Property disposal is predominantly driven by financial considerations
Environmental liability is relatively low
Internal company barriers impede disposal
Portfolio size is small
Property disposal is not a high priority for executive leadership
Individual transactions are favored over portfolio sales
One-third of firms do not have well-defined disposal plans
Remediating and selling property is favored over redevelopment
Annual carrying costs of maintenance and operations are relatively high
Elevate the issue to the executive level or C-suite
Making the topic of surplus property disposal a routine agenda item for top executives results in swift action and leads to large financial and social benefits.
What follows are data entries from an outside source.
lemma level_set_estimate:
  assumes T: "sublinear_op T" "\<And>h. schwartz h \<Longrightarrow> locally_integrable (T h)"
    and type0: "weak_type T p0 q0 K0" and type1: "weak_type T p1 q1 K1" and K: "K0 > 0" "K1 > 0"
    and p: "p0 \<noteq> 0" "p0 \<noteq> \<infinity>" "p1 \<noteq> 0"
    and mu: "recip p0 - recip p1 = \<mu>" "recip q0 - recip q1 = \<mu>" "\<mu> > 0"
    and \<theta>: "0 < \<theta>" "\<theta> < 1" and g: "schwartz g"
    and a_def: "a = (1 - \<theta>) * recip p0 + \<theta> * recip p1"
    and b_def: "b = (1 - \<theta>) * recip q0 + \<theta> * recip q1"
    and I: "(\<integral>\<^sup>+ x. ennreal (norm (g x) powr (1 / a)) \<partial>lebesgue) = ennreal I" "I > 0"
    and s: "s > 0" and u_def: "u = 2 * K0 powr (1 - \<theta>) * K1 powr \<theta> * I powr a / s"
  shows "distrib_fun (T g) (ennreal s) \<le> ennreal (2 powr (1 / \<mu>) * u powr (1 / b) + u powr (1 / b))"
proof -
  have "b = recip q1 + (1 - \<theta>) * \<mu>" unfolding b_def mu(2)[symmetric] by (simp add: algebra_simps)
  moreover have "(1 - \<theta>) * \<mu> > 0" using \<theta> mu(3) by simp
  ultimately have b: "b > 0" using recip_nonneg[of q1] by linarith
  have q0: "recip q0 \<ge> \<mu>" using mu(2) recip_nonneg[of q1] by linarith
  have u: "u > 0" unfolding u_def using K I s by simp
  obtain g1 g2 B0 B1 where g12: "schwartz g1" "schwartz g2" "(\<lambda>x. g1 x + g2 x) = g"
    and B: "B0 \<ge> 0" "B1 \<ge> 0"
    and weak: "weak_norm (T g1) q0 \<le> ennreal (K0 * B0)" "weak_norm (T g2) q1 \<le> ennreal (K1 * B1)"
    and bal: "2 * (K0 * B0) / s = 2 powr \<theta> * u powr (recip q0 / b)"
      "2 * (K1 * B1) / s = 2 powr (\<theta> - 1) * u powr (recip q1 / b)"
    by (rule balanced_decomposition[OF type0 type1 K p mu \<theta> g a_def b_def I s u_def])
  have meas: "T g1 \<in> borel_measurable lebesgue" "T g2 \<in> borel_measurable lebesgue"
    using T(2) g12 locally_integrable_measurable by blast+
  have "distrib_fun (T g) (ennreal s)
      \<le> distrib_fun (T g1) (ennreal (s / 2)) + distrib_fun (T g2) (ennreal (s / 2))"
    using distrib_fun_sublinear[OF T(1) g12(1,2) meas, of "s / 2" "s / 2"] s
    unfolding g12(3) field_sum_of_halves by simp
  also have "\<dots> \<le> ennreal (2 powr (1 / \<mu>) * u powr (1 / b)) + ennreal (u powr (1 / b))"
    using K B
    by (intro add_mono distrib_fun_high_piece[OF meas(1) weak(1) _ s bal(1) u b q0 mu(3) \<theta>]
        distrib_fun_low_piece[OF meas(2) weak(2) _ s bal(2) u b \<theta>(2)]) simp_all
  finally show ?thesis by (simp add: ennreal_plus)
qed

lemma weak_norm_interpolation_finite:
  assumes T: "sublinear_op T" "\<And>h. schwartz h \<Longrightarrow> locally_integrable (T h)"
    and type0: "weak_type T p0 q0 K0" and type1: "weak_type T p1 q1 K1" and K: "K0 > 0" "K1 > 0"
    and p: "p0 \<noteq> 0" "p0 \<noteq> \<infinity>" "p1 \<noteq> 0" and q0: "recip q0 \<le> 2"
    and mu: "recip p0 - recip p1 = \<mu>" "recip q0 - recip q1 = \<mu>" "\<mu> > 0"
    and \<theta>: "0 < \<theta>" "\<theta> < 1" and g: "schwartz g"
    and a_def: "a = (1 - \<theta>) * recip p0 + \<theta> * recip p1"
    and b_def: "b = (1 - \<theta>) * recip q0 + \<theta> * recip q1"
    and I: "(\<integral>\<^sup>+ x. ennreal (norm (g x) powr (1 / a)) \<partial>lebesgue) = ennreal I" "I > 0"
  shows "weak_norm (T g) (inverse (ennreal b))
    \<le> ennreal (2 * 4 powr (1 + 1 / \<mu>) * K0 powr (1 - \<theta>) * K1 powr \<theta> * I powr a)"
proof -
  have "b = recip q0 - \<theta> * \<mu>" "b = recip q1 + (1 - \<theta>) * \<mu>"
    unfolding b_def mu(2)[symmetric] by (simp_all add: algebra_simps)
  moreover have "0 < \<theta> * \<mu>" "0 < (1 - \<theta>) * \<mu>" using \<theta> mu(3) by simp_all
  ultimately have b: "0 < b" "b \<le> 2" using q0 recip_nonneg[of q1] by linarith+
  show ?thesis
  proof (rule weak_norm_le_of_distrib_fun[OF recip_inverse_ennreal[OF b(1)] b(1)])
    fix s :: real assume s: "s > 0"
    define u where "u = 2 * K0 powr (1 - \<theta>) * K1 powr \<theta> * I powr a / s"
    have "distrib_fun (T g) (ennreal s) \<le> ennreal (2 powr (1 / \<mu>) * u powr (1 / b) + u powr (1 / b))"
      by (rule level_set_estimate[OF T type0 type1 K p mu \<theta> g a_def b_def I s u_def])
    also have "\<dots> \<le> ennreal ((4 powr (1 + 1 / \<mu>) * u) powr (1 / b))"
      using K I s by (intro ennreal_leI sum_level_bounds[OF b mu(3)]) (simp add: u_def)
    also have "4 powr (1 + 1 / \<mu>) * u = 2 * 4 powr (1 + 1 / \<mu>) * K0 powr (1 - \<theta>) * K1 powr \<theta> * I powr a / s"
      by (simp add: u_def)
    finally show "distrib_fun (T g) (ennreal s)
      \<le> ennreal ((2 * 4 powr (1 + 1 / \<mu>) * K0 powr (1 - \<theta>) * K1 powr \<theta> * I powr a / s) powr (1 / b))" .
  qed (use K I in simp)
qed

lemma weak_type_interpolation:
  assumes T: "sublinear_op T" "\<And>h. schwartz h \<Longrightarrow> locally_integrable (T h)"
    and type0: "weak_type T p0 q0 K0" and type1: "weak_type T p1 q1 K1" and K: "K0 \<ge> 0" "K1 \<ge> 0"
    and p: "p0 \<noteq> 0" "p0 \<noteq> \<infinity>" "p1 \<noteq> 0" and q0: "recip q0 \<le> 2"
    and mu: "recip p0 - recip p1 = \<mu>" "recip q0 - recip q1 = \<mu>" "\<mu> > 0"
    and \<theta>: "0 < \<theta>" "\<theta> < 1" and g: "schwartz g"
  shows "weak_norm (T g) (inverse (ennreal ((1 - \<theta>) * recip q0 + \<theta> * recip q1)))
    \<le> ennreal (2 * 4 powr (1 + 1 / \<mu>) * K0 powr (1 - \<theta>) * K1 powr \<theta>)
      * Lp_norm g (inverse (ennreal ((1 - \<theta>) * recip p0 + \<theta> * recip p1)))"
    (is "weak_norm (T g) ?q \<le> ennreal ?C * Lp_norm g ?p")
proof -
  define a where "a = (1 - \<theta>) * recip p0 + \<theta> * recip p1"
  have "a = recip p1 + (1 - \<theta>) * \<mu>" unfolding a_def mu(1)[symmetric] by (simp add: algebra_simps)
  moreover have "(1 - \<theta>) * \<mu> > 0" using \<theta> mu(3) by simp
  ultimately have a: "a > 0" using recip_nonneg[of p1] by linarith
  define J where "J = (\<integral>\<^sup>+ x. ennreal (norm (g x) powr (1 / a)) \<partial>lebesgue)"
  have p_eq: "?p \<noteq> \<infinity>" "enn2real ?p = 1 / a"
    using a unfolding a_def[symmetric] by (simp_all add: inverse_ennreal inverse_eq_divide)
  consider (degenerate) "K0 = 0 \<or> K1 = 0 \<or> J = 0" | (infinite) "K0 > 0" "K1 > 0" "J = \<infinity>"
    | (finite) I where "K0 > 0" "K1 > 0" "J = ennreal I" "I > 0"
    using K by (cases J) (auto simp: order.order_iff_strict)
  then show ?thesis
  proof cases
    case degenerate
    have "J = 0 \<Longrightarrow> Lp_norm g p0 = 0"
      using Lp_norm_zero[OF p(2) schwartz_measurable[OF g], of "1 / a"] a unfolding J_def by simp
    then have "weak_norm (T g) ?q = 0"
      using degenerate weak_norm_vanishes[OF type0 g] weak_norm_vanishes[OF type1 g] by blast
    then show ?thesis by simp
  next
    case infinite
    then have "Lp_norm g ?p = \<infinity>"
      using p_eq unfolding Lp_norm_def J_def by (simp add: Let_def)
    then show ?thesis using infinite by (simp add: ennreal_mult_top)
  next
    case finite
    then have "Lp_norm g ?p = ennreal (I powr a)"
      using Lp_norm_finite[OF p_eq(1), of g I] p_eq(2) a unfolding J_def by simp
    moreover have "weak_norm (T g) ?q \<le> ennreal (?C * I powr a)"
      using weak_norm_interpolation_finite[OF T type0 type1 finite(1,2) p q0 mu \<theta> g a_def refl
          finite(3)[unfolded J_def] finite(4)]
      by (simp add: mult.assoc)
    ultimately show ?thesis using finite by (simp add: ennreal_mult)
  qed
qed

theorem mainTheorem16:
  fixes p0 p1 q0 q1 :: ennreal and \<mu> :: real
  assumes "1/2 < p0" "p0 < p1" "1/2 \<le> q0" "1/2 \<le> q1"
    and "recip p0 - recip p1 = \<mu>" "recip q0 - recip q1 = \<mu>" "\<mu> > 0"
  shows "\<exists>C::real. C > 0 \<and>
    (\<forall>(T :: (real \<Rightarrow> complex) \<Rightarrow> (real \<Rightarrow> complex)) (K0::real) (K1::real).
       sublinear_op T \<longrightarrow>
       (\<forall>g. schwartz g \<longrightarrow> locally_integrable (T g)) \<longrightarrow>
       K0 \<ge> 0 \<longrightarrow> K1 \<ge> 0 \<longrightarrow>
       (\<forall>g. schwartz g \<longrightarrow> weak_norm (T g) q0 \<le> ennreal K0 * Lp_norm g p0) \<longrightarrow>
       (\<forall>g. schwartz g \<longrightarrow> weak_norm (T g) q1 \<le> ennreal K1 * Lp_norm g p1) \<longrightarrow>
       (\<forall>\<theta>::real. 0 < \<theta> \<longrightarrow> \<theta> < 1 \<longrightarrow>
          (\<forall>g. schwartz g \<longrightarrow>
             weak_norm (T g) (inverse (ennreal ((1 - \<theta>) * recip q0 + \<theta> * recip q1)))
               \<le> ennreal (C * K0 powr (1 - \<theta>) * K1 powr \<theta>)
                  * Lp_norm g (inverse (ennreal ((1 - \<theta>) * recip p0 + \<theta> * recip p1))))))"
proof -
  have "p0 < \<infinity>" using assms(2) by (rule less_le_trans) simp
  then have p: "p0 \<noteq> 0" "p0 \<noteq> \<infinity>" "p1 \<noteq> 0" using assms(1,2) by auto
  have q0: "recip q0 \<le> 2" by (rule recip_le_2[OF assms(3)])
  show ?thesis
  proof (intro exI[of _ "2 * 4 powr (1 + 1 / \<mu>)"] conjI allI impI)
    fix T :: "(real \<Rightarrow> complex) \<Rightarrow> real \<Rightarrow> complex" and K0 K1 \<theta> :: real and g
    assume T: "sublinear_op T" "\<forall>g. schwartz g \<longrightarrow> locally_integrable (T g)"
      and K: "K0 \<ge> 0" "K1 \<ge> 0"
      and "\<forall>g. schwartz g \<longrightarrow> weak_norm (T g) q0 \<le> ennreal K0 * Lp_norm g p0"
      and "\<forall>g. schwartz g \<longrightarrow> weak_norm (T g) q1 \<le> ennreal K1 * Lp_norm g p1"
      and \<theta>: "0 < \<theta>" "\<theta> < 1" and g: "schwartz g"
    then have "weak_type T p0 q0 K0" "weak_type T p1 q1 K1" unfolding weak_type_def by blast+
    with T K \<theta> g show "weak_norm (T g) (inverse (ennreal ((1 - \<theta>) * recip q0 + \<theta> * recip q1)))
        \<le> ennreal (2 * 4 powr (1 + 1 / \<mu>) * K0 powr (1 - \<theta>) * K1 powr \<theta>)
          * Lp_norm g (inverse (ennreal ((1 - \<theta>) * recip p0 + \<theta> * recip p1)))"
      by (intro weak_type_interpolation[OF _ _ _ _ _ _ p q0 assms(5-7)]) auto
  qed simp
qed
Empower a senior leader with the authority to dispose of surplus property
The absence of a single, clear authority often leads to internal politics and infighting that prevent timely and effective decision-making.
Set a clear divestment plan with an exit strategy
Successful firms develop clear strategies for the disposal of the bulk of their surplus properties with a well-defined endpoint, normally not more than five years.
Adopt a portfolio strategy
Selling surplus properties solely on an individual basis, rather than in portfolios, is slow and costly. In contrast, the transaction cost of a portfolio is relatively low, and owners can bundle low-value properties with higher-value assets.
Sell environmentally contaminated property
Progressive firms are successfully selling contaminated surplus properties with few legal or financial problems.
Profit should not be the sole motive for surplus property disposal
When firms focus more on timely and effective disposal rather than on a simple calculation of profit, they are more likely to reduce their portfolios rapidly, lower total cost of ownership significantly, and enable leadership to focus on their core business.